'Running a number of consecutive replacements on the same string

I found this example for substring replacement:

use std::str;
let string = "orange";
let new_string = str::replace(string, "or", "str");

If I want to run a number of consecutive replacements on the same string, for sanitization purposes, how can I do that without allocating a new variable for each replacement?

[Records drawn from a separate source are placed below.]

definition R :: "nat \<Rightarrow> real" where
  "R n = (\<Sum>k=0..n. real (n choose k) * real ((n + k) choose k) / (2 * real k - 1))"

definition strictly_log_convex_from :: "nat \<Rightarrow> (nat \<Rightarrow> real) \<Rightarrow> bool" where
  "strictly_log_convex_from m z \<longleftrightarrow>
     (\<forall>n\<ge>m. z n > 0) \<and> (\<forall>n\<ge>m + 1. z (n - 1) * z (n + 1) > (z n)^2)"

end

theory Submission
  imports Defs
begin

text \<open>
  Zeilberger's algorithm gives the recurrence
  (n+3) R(n+3) = (7n+13) R(n+2) - (7n+15) R(n+1) + (n+1) R(n),
  which is verified through an explicit telescoping certificate. Hence the second differences U
  of R satisfy (n+4) U(n+2) = (6n+15) U(n+1) - (n+1) U(n), and by induction the quadratic form
  (n+4) y^2 - (6n+15) y x + (n+1) x^2 stays negative along (U(n+1), U(n)); this makes U
  positive, increasing and strictly log-convex. If a sequence z has positive log-convex
  differences a and z(m+1) a(m) < z(m) a(m+1), then z is strictly log-convex from m on,
  because z(n) z(n+2) - z(n+1)^2 = z(n) a(n+1) - z(n+1) a(n) and this quantity stays positive.
  Applying this to the first differences of R (from n = 1) and then to R (from n = 3) gives
  the theorem.
\<close>

text \<open>The summand of R with its upper index turned into a real variable, so that the index
  shifts in the recurrence become shifts of x.\<close>

definition R_term :: "real \<Rightarrow> nat \<Rightarrow> real" where
  "R_term x k = pochhammer (x - k + 1) (2*k) / ((fact k)^2 * (2 * real k - 1))"

lemma real_binomial_pochhammer: "real (m choose k) = pochhammer (real m - k + 1) k / fact k"
  by (simp add: binomial_gbinomial gbinomial_pochhammer')

lemma R_term_of_nat:
  "real (m choose k) * real ((m + k) choose k) / (2 * real k - 1) = R_term (real m) k"
proof -
  have "real ((m + k) choose k) = pochhammer (real m + 1) k / fact k"
    using real_binomial_pochhammer[of "m + k" k] by simp
  moreover have "pochhammer (real m - k + 1) k * pochhammer (real m + 1) k
      = pochhammer (real m - k + 1) (2*k)"
    using pochhammer_product'[of "real m - k + 1" k k] by (simp add: mult_2)
  ultimately show ?thesis
    unfolding R_term_def real_binomial_pochhammer[of m k] by (simp add: power2_eq_square)
qed

lemma pochhammer_add3:
  "pochhammer (z::'a::comm_semiring_1) (p + q + r)
     = pochhammer z p * pochhammer (z + of_nat p) q * pochhammer (z + of_nat p + of_nat q) r"
  by (simp add: pochhammer_product' add.assoc mult.assoc)

lemma R_term_shift:
  fixes x :: real
  assumes "i \<le> 3"
  shows "R_term (x + i) (j + 2) = pochhammer (x - j - 1 + i) (3 - i)
           * pochhammer (x - j + 2) (2*j + 1) * pochhammer (x + j + 3) i
           / ((fact (j + 2))^2 * (2 * real j + 3))"
proof -
  have "2 * (j + 2) = (3 - i) + (2*j + 1) + i" using assms by simp
  then have "pochhammer (x + i - (j + 2) + 1) (2 * (j + 2))
      = pochhammer (x - j - 1 + i) ((3 - i) + (2*j + 1) + i)"
    by (simp only:) (simp add: algebra_simps)
  also have "\<dots> = pochhammer (x - j - 1 + i) (3 - i)
           * pochhammer (x - j + 2) (2*j + 1) * pochhammer (x + j + 3) i"
    unfolding pochhammer_add3 using assms by (simp add: of_nat_diff algebra_simps)
  finally have "pochhammer (x + i - (j + 2) + 1) (2 * (j + 2)) = \<dots>" .
  then show ?thesis unfolding R_term_def by (simp add: algebra_simps)
qed

lemma R_term_certificate:
  fixes x :: real
  shows "(x + 1) * R_term x (j + 2) - (7*x + 15) * R_term (x + 1) (j + 2)
       + (7*x + 13) * R_term (x + 2) (j + 2) - (x + 3) * R_term (x + 3) (j + 2)
     = 4 * pochhammer (x - j + 1) (j + 2) * pochhammer (x + 2) (j + 2) / (fact (j + 2))^2
       - 4 * pochhammer (x - j + 2) (j + 1) * pochhammer (x + 2) (j + 1) / (fact (j + 1))^2"
proof -
  define a where "a = x - j - 1"
  define b where "b = x + j + 3"
  define P where "P = pochhammer (x - j + 2) (j + 1)"
  define Q where "Q = pochhammer (x + 3) j"
  define F :: real where "F = fact (j + 1)"
  define E where "E = real j + 2"
  have F: "F > 0" and E: "E > 0" by (simp_all add: F_def E_def)
  define D where "D = E^2 * F^2 * (2 * real j + 3)"
  have "2*j + 1 = (j + 1) + j" by simp
  then have M: "pochhammer (x - j + 2) (2*j + 1) = P * Q"
    unfolding P_def Q_def by (simp only: pochhammer_product') (simp add: algebra_simps)
  have denominator: "(fact (j + 2))^2 * (2 * real j + 3) = D"
    by (simp add: D_def E_def F_def algebra_simps power2_eq_square)
  have P': "pochhammer (x - j + 1) (j + 2) = (a + 2) * P"
    by (simp add: a_def P_def pochhammer_rec algebra_simps)
  have Q1: "pochhammer (x + 2) (j + 1) = (x + 2) * Q"
    by (simp add: Q_def pochhammer_rec algebra_simps)
  have Q2: "pochhammer (x + 2) (j + 2) = (x + 2) * Q * b"
    using Q1 by (simp add: b_def pochhammer_Suc algebra_simps)
  have f: "fact (j + 2) = E * F"
    by (simp add: E_def F_def algebra_simps)
  have R_term_shifted:
    "R_term (x + i) (j + 2) = pochhammer (a + i) (3 - i) * pochhammer b i * (P * Q) / D"
    if "i \<le> 3" for i
    unfolding R_term_shift[OF that] M denominator a_def b_def by (simp only: ac_simps)
  have "(x + 1) * R_term x (j + 2) - (7*x + 15) * R_term (x + 1) (j + 2)
       + (7*x + 13) * R_term (x + 2) (j + 2) - (x + 3) * R_term (x + 3) (j + 2)
     = ((x + 1) * (a * (a + 1) * (a + 2)) - (7*x + 15) * ((a + 1) * (a + 2) * b)
       + (7*x + 13) * ((a + 2) * b * (b + 1)) - (x + 3) * (b * (b + 1) * (b + 2))) * (P * Q) / D"
    using R_term_shifted[of 0] R_term_shifted[of 1] R_term_shifted[of 2] R_term_shifted[of 3]
    by (simp add: pochhammer_Suc numeral_3_eq_3 numeral_2_eq_2
        diff_divide_distrib add_divide_distrib algebra_simps)
  also have "\<dots> = (2 * real j + 3) * (4 * (x + 2) * ((a + 2) * b - E^2)) * (P * Q) / D"
    unfolding a_def b_def E_def by algebra
  also have "\<dots> = 4 * (x + 2) * ((a + 2) * b - E^2) * (P * Q) / (E * F)^2"
    by (simp add: D_def power_mult_distrib)
  also have "\<dots> = 4 * ((a + 2) * P) * ((x + 2) * Q * b) / (E * F)^2
      - 4 * P * ((x + 2) * Q) / F^2"
    using F E by (simp add: power_mult_distrib field_simps)
  also have "\<dots> = 4 * pochhammer (x - j + 1) (j + 2) * pochhammer (x + 2) (j + 2)
         / (fact (j + 2))^2
       - 4 * pochhammer (x - j + 2) (j + 1) * pochhammer (x + 2) (j + 1) / (fact (j + 1))^2"
    by (simp only: P' Q1 Q2 f F_def P_def)
  finally show ?thesis .
qed

text \<open>At x = n this is 4 C(n+2, k-1) C(n+k, k-1), the certificate produced by Zeilberger's
  algorithm.\<close>

definition R_cert :: "real \<Rightarrow> nat \<Rightarrow> real" where
  "R_cert x k = (case k of 0 \<Rightarrow> 0
     | Suc i \<Rightarrow> 4 * pochhammer (x - i + 3) i * pochhammer (x + 2) i / (fact i)^2)"

lemma R_term_telescoping:
  fixes x :: real
  shows "(x + 1) * R_term x k - (7*x + 15) * R_term (x + 1) k
       + (7*x + 13) * R_term (x + 2) k - (x + 3) * R_term (x + 3) k
     = R_cert x (Suc k) - R_cert x k"
proof (cases k)
  case 0
  then show ?thesis by (simp add: R_term_def R_cert_def)
next
  case (Suc i)
  show ?thesis
  proof (cases i)
    case 0
    with \<open>k = Suc i\<close> show ?thesis
      by (simp add: R_term_def R_cert_def numeral_2_eq_2 pochhammer_Suc
          algebra_simps power2_eq_square)
  next
    case (Suc j)
    with \<open>k = Suc i\<close> have "k = j + 2" by simp
    then show ?thesis
      using R_term_certificate[of x j] by (simp add: R_cert_def algebra_simps numeral_3_eq_3)
  qed
qed

lemma R_cert_vanishes: "R_cert (real n) (n + 4) = 0"
  by (simp add: R_cert_def numeral_eq_Suc pochhammer_0_left)

lemma R_term_vanishes: "m < k \<Longrightarrow> R_term (real m) k = 0"
  by (simp add: R_term_of_nat[symmetric] binomial_eq_0)

lemma R_eq_sum_R_term:
  assumes "m < N"
  shows "R m = (\<Sum>k<N. R_term (real m) k)"
proof -
  have "R m = (\<Sum>k<m + 1. R_term (real m) k)"
    unfolding R_def R_term_of_nat by (rule sum.cong) auto
  also have "\<dots> = (\<Sum>k<N. R_term (real m) k)"
    by (rule sum.mono_neutral_left) (use assms R_term_vanishes in auto)
  finally show ?thesis .
qed

lemma R_recurrence:
  "real (n + 3) * R (n + 3)
     = real (7*n + 13) * R (n + 2) - real (7*n + 15) * R (n + 1) + real (n + 1) * R n"
proof -
  have R_shift: "R (n + i) = (\<Sum>k<n + 4. R_term (real n + i) k)" if "i \<le> 3" for i
    using R_eq_sum_R_term[of "n + i" "n + 4"] that by simp
  have "real (n + 1) * R n - real (7*n + 15) * R (n + 1)
      + real (7*n + 13) * R (n + 2) - real (n + 3) * R (n + 3)
      = (\<Sum>k<n + 4. (real n + 1) * R_term (real n) k - (7 * real n + 15) * R_term (real n + 1) k
          + (7 * real n + 13) * R_term (real n + 2) k - (real n + 3) * R_term (real n + 3) k)"
    using R_shift[of 0] R_shift[of 1] R_shift[of 2] R_shift[of 3]
    by (simp add: sum_distrib_left sum_subtractf sum.distrib add.commute)
  also have "\<dots> = (\<Sum>k<n + 4. R_cert (real n) (Suc k) - R_cert (real n) k)"
    by (simp only: R_term_telescoping)
  also have "\<dots> = 0"
    unfolding sum_lessThan_telescope R_cert_vanishes by (simp add: R_cert_def)
  finally show ?thesis by simp
qed

lemma R_values: "R 0 = -1" "R 1 = 1" "R 2 = 7" "R 3 = 25" "R 4 = 87" "R 5 = 329"
proof -
  show R0: "R 0 = -1" and R1: "R 1 = 1" by (simp_all add: R_def)
  show R2: "R 2 = 7" by (simp add: R_def numeral_2_eq_2)
  show R3: "R 3 = 25" using R_recurrence[of 0] R0 R1 R2 by (simp add: numeral_2_eq_2)
  show R4: "R 4 = 87" using R_recurrence[of 1] R1 R2 R3 by (simp add: numeral_eq_Suc)
  show "R 5 = 329" using R_recurrence[of 2] R2 R3 R4 by (simp add: numeral_eq_Suc)
qed

definition forward_diff :: "(nat \<Rightarrow> real) \<Rightarrow> nat \<Rightarrow> real" where
  "forward_diff z n = z (n + 1) - z n"

lemma log_convex_if_forward_diff_log_convex:
  fixes z :: "nat \<Rightarrow> real"
  defines "a \<equiv> forward_diff z"
  assumes a_pos: "\<And>n. n \<ge> m \<Longrightarrow> a n > 0"
    and a_log_convex: "\<And>n. n \<ge> m \<Longrightarrow> (a (n + 1))^2 \<le> a n * a (n + 2)"
    and z_pos: "z m > 0" and start: "z (m + 1) * a m < z m * a (m + 1)"
    and n: "n \<ge> m"
  shows "z n > 0 \<and> (z (n + 1))^2 < z n * z (n + 2)"
proof -
  have z_Suc: "z (n + 1) = z n + a n" for n by (simp add: a_def forward_diff_def)
  have gap: "z n * z (n + 2) - (z (n + 1))^2 = z n * a (n + 1) - z (n + 1) * a n" for n
    using z_Suc[of n] z_Suc[of "n + 1"] by (simp add: algebra_simps power2_eq_square)
  have inv: "z n > 0 \<and> z (n + 1) * a n < z n * a (n + 1)" if "n \<ge> m" for n
    using that
  proof (induction n rule: dec_induct)
    case base
    then show ?case using z_pos start by simp
  next
    case (step n)
    have an: "a n > 0" "a (n + 1) > 0" using a_pos step.hyps(1) by auto
    have z1: "z (n + 1) > 0" using step.IH an z_Suc[of n] by simp
    have "z (n + 1) * (a (n + 1))^2 - z (n + 2) * a (n + 1) * a n
        = a (n + 1) * (z n * a (n + 1) - z (n + 1) * a n)"
      using z_Suc[of n] z_Suc[of "n + 1"] by (simp add: algebra_simps power2_eq_square)
    moreover have "a (n + 1) * (z n * a (n + 1) - z (n + 1) * a n) > 0"
      using step.IH an by simp
    ultimately have "z (n + 2) * a (n + 1) * a n < z (n + 1) * (a (n + 1))^2"
      by linarith
    also have "\<dots> \<le> z (n + 1) * a (n + 2) * a n"
      using a_log_convex[OF step.hyps(1)] z1 by (simp add: mult.assoc mult.commute mult_left_mono)
    finally have "z (n + 2) * a (n + 1) < z (n + 1) * a (n + 2)"
      using an(1) by (simp add: mult_less_cancel_right_pos)
    then show ?case using z1 by (simp add: numeral_eq_Suc)
  qed
  show ?thesis
    using inv[OF n] gap[of n] by simp
qed

lemma R_diff2_recurrence:
  "(real n + 4) * forward_diff (forward_diff R) (n + 2)
     = (6 * real n + 15) * forward_diff (forward_diff R) (n + 1)
       - (real n + 1) * forward_diff (forward_diff R) n"
  using R_recurrence[of n] R_recurrence[of "n + 1"]
  by (simp add: forward_diff_def algebra_simps numeral_eq_Suc)

definition recurrence_form :: "real \<Rightarrow> real \<Rightarrow> real \<Rightarrow> real" where
  "recurrence_form m y x = (m + 4) * y^2 - (6*m + 15) * y * x + (m + 1) * x^2"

If you were to write idiomatic Rust, how would you write multiple chained substring replacements?



Solution 1:[1]

The regex engine can be used to do a single pass with multiple replacements of the string, though I would be surprised if this is actually more performant:

extern crate regex;

use regex::{Captures, Regex};

fn main() {
    let re = Regex::new("(or|e)").unwrap();
    let string = "orange";
    let result = re.replace_all(string, |cap: &Captures| {
        match &cap[0] {
            "or" => "str",
            "e" => "er",
            _ => panic!("We should never get here"),
        }.to_string()
    });
    println!("{}", result);
}

Solution 2:[2]

There is no way in the standard library to do this; it’s a tricky thing to get right with a large number of variations on how you would go about doing it, depending on a number of factors. You would need to write such a function yourself.

Solution 3:[3]

I would not use regex or .replace().replace().replace() or .maybe_replace().maybe_replace().maybe_replace() for this. They all have big flaws.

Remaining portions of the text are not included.